Cheryl menoleh, memperhatikan raut Jourrel yang hampir kehilangan kendali. Tangannya terulur, mengusap paha Jourrel dengan perlahan. Berharap Jourrel mampu meredakan amarahnya, meski ia tahu ini pasti sulit. Karena sama saja membuka luka lamanya kembali.


“Sepertinya kamu harus bertemu empat mata dengannya, Jou. Tapi kamu harus berhasil memancingnya untuk kasus perampokan waktu itu,” anjur Cheryl menoleh pada Bian.


“Paman, bisa minta tolong kasih chips untuk merekam percakapan Jourrel nanti?” tanya Cheryl.


“Ada, Nona. Akan saya siapkan.” Bian menyahut dengan anggukan mantap.


“Oke, pertama kamu harus dapat bukti itu, Jou. Tapi kamu harus hati-hati dan tahan emosimu, okay? Jangan terpancing.” Cheryl menambah rencananya dengan cepat. Tidak ada waktu lagi, mereka memang harus bergerak serba cepat dan hati-hati.

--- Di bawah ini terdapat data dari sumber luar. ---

lemma norm_set_integral_le_measure:
  fixes f :: "'a \<Rightarrow> 'b::{banach, second_countable_topology}"
  assumes A: "A \<in> sets M" "emeasure M A < \<infinity>"
    and f: "f \<in> borel_measurable M"
    and bound: "\<And>w. w \<in> A \<Longrightarrow> norm (f w) \<le> C"
  shows "norm (LINT w:A|M. f w) \<le> C * measure M A"
proof -
  have "set_integrable M A f"
    unfolding set_integrable_def
    using A f bound by (intro integrableI_bounded_set_indicator[where B=C]) auto
  then have "norm (LINT w:A|M. f w) \<le> (LINT w:A|M. norm (f w))"
    by (rule set_integral_norm_bound)
  also have "\<dots> \<le> (LINT w:A|M. C)"
    using A \<open>set_integrable M A f\<close> bound
    by (intro set_integral_mono set_integrable_norm)
      (auto simp: set_integrable_def integrable_indicator_iff)
  also have "\<dots> = C * measure M A"
    using A by (simp add: set_integral_const)
  finally show ?thesis .
qed

lemma norm_set_integral_diff_le:
  fixes f :: "'a \<Rightarrow> 'b::{banach, second_countable_topology}"
  assumes sets: "A \<in> sets M" "B \<in> sets M"
    and finite: "emeasure M A < \<infinity>" "emeasure M B < \<infinity>"
    and f: "f \<in> borel_measurable M"
    and bound: "\<And>w. w \<in> A \<union> B \<Longrightarrow> norm (f w) \<le> C"
  shows "norm ((LINT w:A|M. f w) - (LINT w:B|M. f w))
           \<le> C * (measure M A + measure M B - 2 * measure M (A \<inter> B))"
proof -
  have int_A: "integrable M (\<lambda>w. indicator A w *\<^sub>R f w)"
    using sets finite f bound by (intro integrableI_bounded_set_indicator[where B=C]) auto
  have int_B: "integrable M (\<lambda>w. indicator B w *\<^sub>R f w)"
    using sets finite f bound by (intro integrableI_bounded_set_indicator[where B=C]) auto
  have "emeasure M (A \<inter> B) < \<infinity>"
    using finite(1) emeasure_mono[of "A \<inter> B" A M] sets by (simp add: le_less_trans)
  then have int_ind: "integrable M (indicator S :: _ \<Rightarrow> real)" if "S \<in> {A, B, A \<inter> B}" for S
    using that sets finite by (auto simp: integrable_indicator_iff Int_absorb1 sets.sets_into_space)
  have pointwise: "norm (indicator A w *\<^sub>R f w - indicator B w *\<^sub>R f w)
      \<le> C * indicator A w + C * indicator B w - 2 * C * indicator (A \<inter> B) w" for w
    using bound[of w] by (cases "w \<in> A"; cases "w \<in> B") auto
  have "norm ((LINT w:A|M. f w) - (LINT w:B|M. f w))
      = norm (\<integral>w. indicator A w *\<^sub>R f w - indicator B w *\<^sub>R f w \<partial>M)"
    using int_A int_B by (simp add: set_lebesgue_integral_def)
  also have "\<dots> \<le> (\<integral>w. norm (indicator A w *\<^sub>R f w - indicator B w *\<^sub>R f w) \<partial>M)"
    by (rule integral_norm_bound)
  also have "\<dots> \<le> (\<integral>w. C * indicator A w + C * indicator B w - 2 * C * indicator (A \<inter> B) w \<partial>M)"
    using int_A int_B int_ind pointwise by (intro integral_mono) auto
  also have "\<dots> = C * (measure M A + measure M B - 2 * measure M (A \<inter> B))"
    using int_ind sets by (simp add: algebra_simps Int_assoc sets.Int_space_eq2)
  finally show ?thesis .
qed

lemma sum_abs_div_le_sqrt_card_mult_norm_div_Min:
  fixes v :: "real^'n" and blk :: "'n \<Rightarrow> 'b::finite"
  assumes eps: "\<And>i. 0 < eps i"
  shows "(\<Sum>k\<in>UNIV. \<bar>v$k\<bar> / eps (blk k)) \<le> sqrt (real CARD('n)) * norm v / Min (range eps)"
proof -
  have "Min (range eps) \<in> range eps"
    by (intro Min_in) auto
  then have Min_pos: "0 < Min (range eps)"
    using eps by auto
  have "(\<Sum>k\<in>UNIV. \<bar>v$k\<bar> / eps (blk k)) \<le> (\<Sum>k\<in>UNIV. \<bar>v$k\<bar> / Min (range eps))"
    using eps Min_pos by (intro sum_mono divide_left_mono) auto
  also have "\<dots> = (\<Sum>k\<in>UNIV. \<bar>v$k\<bar>) / Min (range eps)"
    by (simp add: sum_divide_distrib)
  also have "\<dots> \<le> sqrt (real CARD('n)) * norm v / Min (range eps)"
    using sum_abs_le_sqrt_card_mult_norm_cart[of v] less_imp_le[OF Min_pos] by (rule divide_right_mono)
  finally show ?thesis .
qed

definition cube_radii :: "('n \<Rightarrow> 'b) \<Rightarrow> ('b \<Rightarrow> real) \<Rightarrow> real^'n::finite" where
  "cube_radii blk eps = (\<chi> k. eps (blk k))"

lemma cube_prod_eq_cbox: "cube_prod blk eps = cbox (- cube_radii blk eps) (cube_radii blk eps)"
  by (auto simp: cube_prod_def cube_radii_def mem_box_cart abs_le_iff minus_le_iff)

lemma cbox_centered_subset_enlarged:
  assumes "x \<in> X"
  shows "cbox (x - cube_radii blk eps) (x + cube_radii blk eps) \<subseteq> enlarged X blk eps"
proof
  fix w
  assume "w \<in> cbox (x - cube_radii blk eps) (x + cube_radii blk eps)"
  then have "w - x \<in> cube_prod blk eps"
    by (auto simp: cube_prod_eq_cbox mem_box_cart algebra_simps)
  then show "w \<in> enlarged X blk eps"
    unfolding enlarged_def using assms by (intro CollectI exI[of _ x] exI[of _ "w - x"]) auto
qed

lemma smoothed_eq_set_integral_cbox:
  fixes F :: "real^'n::finite \<Rightarrow> real^'n" and blk :: "'n \<Rightarrow> 'b" and eps :: "'b \<Rightarrow> real"
  defines "r \<equiv> cube_radii blk eps"
  assumes eps: "\<And>i. 0 < eps i" and F: "F \<in> borel_measurable borel"
  shows "smoothed F blk eps x
           = (1 / (\<Prod>k\<in>UNIV. 2 * eps (blk k))) *\<^sub>R (LINT w:cbox (x - r) (x + r)|lborel. F w)"
proof -
  have measure_cube: "measure lborel (cbox (-r) r) = (\<Prod>k\<in>UNIV. 2 * eps (blk k))"
    using measure_lborel_cbox_centered_cart[of r 0] eps
    by (simp add: r_def cube_radii_def less_imp_le)
  have finite: "emeasure lborel (cbox (-r) r) < \<infinity>"
    by (rule emeasure_lborel_cbox_finite)
  have "emeasure lborel (cbox (-r) r) = ennreal (\<Prod>k\<in>UNIV. 2 * eps (blk k))"
    using finite measure_cube by (simp add: emeasure_eq_ennreal_measure)
  moreover have "0 < (\<Prod>k\<in>UNIV. 2 * eps (blk k))"
    using eps by (simp add: prod_pos)
  ultimately have nonnull: "emeasure lborel (cbox (-r) r) \<noteq> 0"
    by (simp only: ennreal_eq_0_iff not_le)
  have "(+) x ` cbox (-r) r = cbox (x - r) (x + r)"
    using cbox_translation[of x "-r" r] by simp
  then show ?thesis
    unfolding smoothed_def cube_prod_eq_cbox r_def[symmetric]
    using integral_uniform_measure_translate[of "cbox (-r) r" F x] F finite nonnull measure_cube
    by simp
qed
(* Let $\mathcal C=\{c_1,\ldots,c_m\}$ and $n\ge 1$. Suppose the manipulator has no information, i.e. the information set is $E=\mathcal F_n$, the set of all $n$-profiles of linear orders on $\mathcal C$. Then the Borda rule (with ties broken in the order $c_1\succ c_2\succ\cdots\succ c_m$) is immune to dominating manipulation: for every linear order $V_M$ on $\mathcal C$, no linear order $U$ on $\mathcal C$ dominates $V_M$.
   Context: Borda: each vote gives $m-i$ points to the alternative in its $i$-th position; the alternative with the highest total score wins, ties broken in favor of the alternative with the smallest index. There are $n$ non-manipulators and one manipulator with true preferences $V_M$ (a linear order). Given an information set $E$ (a set of $n$-profiles of the non-manipulators), a vote $U$ dominates a vote $V$ if for every $P\in E$, $r(P\cup\{U\})$ is ranked weakly above $r(P\cup\{V\})$ in $V_M$, and for some $P'\in E$, $r(P'\cup\{U\})$ is ranked strictly above $r(P'\cup\{V\})$ in $V_M$. Immunity means that for every $V_M$ no vote dominates $V_M$. *)

theory Defs
  imports Main
begin

text \<open>Candidates c_1,...,c_m are encoded as the naturals 0,...,m-1 (c_{i+1} is i).
A vote (linear order on the candidates) is a list listing all candidates exactly once,
most preferred first.\<close>

definition linorder_vote :: "nat \<Rightarrow> nat list \<Rightarrow> bool" where
  "linorder_vote m v \<longleftrightarrow> distinct v \<and> set v = {0..<m}"

fun pos :: "nat list \<Rightarrow> nat \<Rightarrow> nat" where
  "pos [] c = 0"
| "pos (x # xs) c = (if x = c then 0 else Suc (pos xs c))"

text \<open>Borda: the candidate in (0-based) position i receives m-1-i points,
i.e. m-i points for 1-based position i.\<close>
definition borda_score :: "nat \<Rightarrow> nat list list \<Rightarrow> nat \<Rightarrow> nat" where
  "borda_score m P c = (\<Sum>v\<leftarrow>P. m - 1 - pos v c)"

definition borda_winner :: "nat \<Rightarrow> nat list list \<Rightarrow> nat" where
  "borda_winner m P =
     (LEAST c. c < m \<and> (\<forall>d<m. borda_score m P d \<le> borda_score m P c))"

definition all_profiles :: "nat \<Rightarrow> nat \<Rightarrow> nat list list set" where
  "all_profiles m n = {P. length P = n \<and> (\<forall>v\<in>set P. linorder_vote m v)}"

text \<open>U dominates V for a manipulator with true preference VM and information set E.
r(P \<union> {U}) is the winner on the (n+1)-profile U # P; "ranked weakly above in VM"
means having smaller-or-equal position in VM.\<close>
definition dominates ::
  "nat \<Rightarrow> nat list list set \<Rightarrow> nat list \<Rightarrow> nat list \<Rightarrow> nat list \<Rightarrow> bool" where
  "dominates m E VM U V \<longleftrightarrow>
     (\<forall>P\<in>E. pos VM (borda_winner m (U # P)) \<le> pos VM (borda_winner m (V # P))) \<and>
     (\<exists>P\<in>E. pos VM (borda_winner m (U # P)) < pos VM (borda_winner m (V # P)))"

end

theory Submission
  imports Defs
begin

text \<open>Maximising the Borda score amounts to minimising the total position, and a pair of
votes \<open>v, rev v\<close> adds \<open>m - 1\<close> to every candidate's total, so such pairs can pad any
profile without changing the winner. Let \<open>k\<close> be the first position at which the sincere
vote \<open>V\<^sub>M\<close> and the insincere vote \<open>U\<close> differ, \<open>a\<close> and \<open>b\<close> their entries there. The vote
\<open>w\<close> that puts \<open>a\<close> and \<open>b\<close> on top and then ranks the other candidates in the reverse of
\<open>V\<^sub>M\<close> gives each candidate of the common prefix total \<open>m - 1\<close>. For odd \<open>n\<close> the profile
\<open>w\<close> (plus pairs) makes \<open>V\<^sub>M\<close> elect a candidate of the prefix or \<open>a\<close>, but \<open>U\<close> elect \<open>b\<close>;
the order of \<open>a\<close> and \<open>b\<close> in \<open>w\<close> is chosen according to the tie-breaking. For even \<open>n\<close>
the profile \<open>w, rev V\<^sub>M\<close> makes \<open>V\<^sub>M\<close> elect \<open>a\<close> and \<open>U\<close> elect a candidate that \<open>V\<^sub>M\<close>
ranks below position \<open>k\<close>.\<close>

lemma pos_less_length: "c \<in> set xs \<Longrightarrow> pos xs c < length xs"
  by (induction xs) auto

lemma pos_notin: "c \<notin> set xs \<Longrightarrow> pos xs c = length xs"
  by (induction xs) auto

lemma nth_pos: "c \<in> set xs \<Longrightarrow> xs ! pos xs c = c"
  by (induction xs) auto

lemma pos_nth: "distinct xs \<Longrightarrow> i < length xs \<Longrightarrow> pos xs (xs ! i) = i"
proof (induction xs arbitrary: i)
  case (Cons x xs)
  then show ?case by (cases i) auto
qed simp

“Jika berhasil mendapatkan bukti itu, semua asset akan kembali ke tangan Anda, Tuan!” tambah pengacaranya.


Jourrel memejamkan matanya. Keringat dingin mulai bermunculan menghiasi wajah tampannya, napasnya sesak tak beraturan. Teringat ayahnya yang meninggal dengan cara yang tragis. Dan terakhir, ibunya yang sakit-sakitan hingga berakhir meninggal dunia.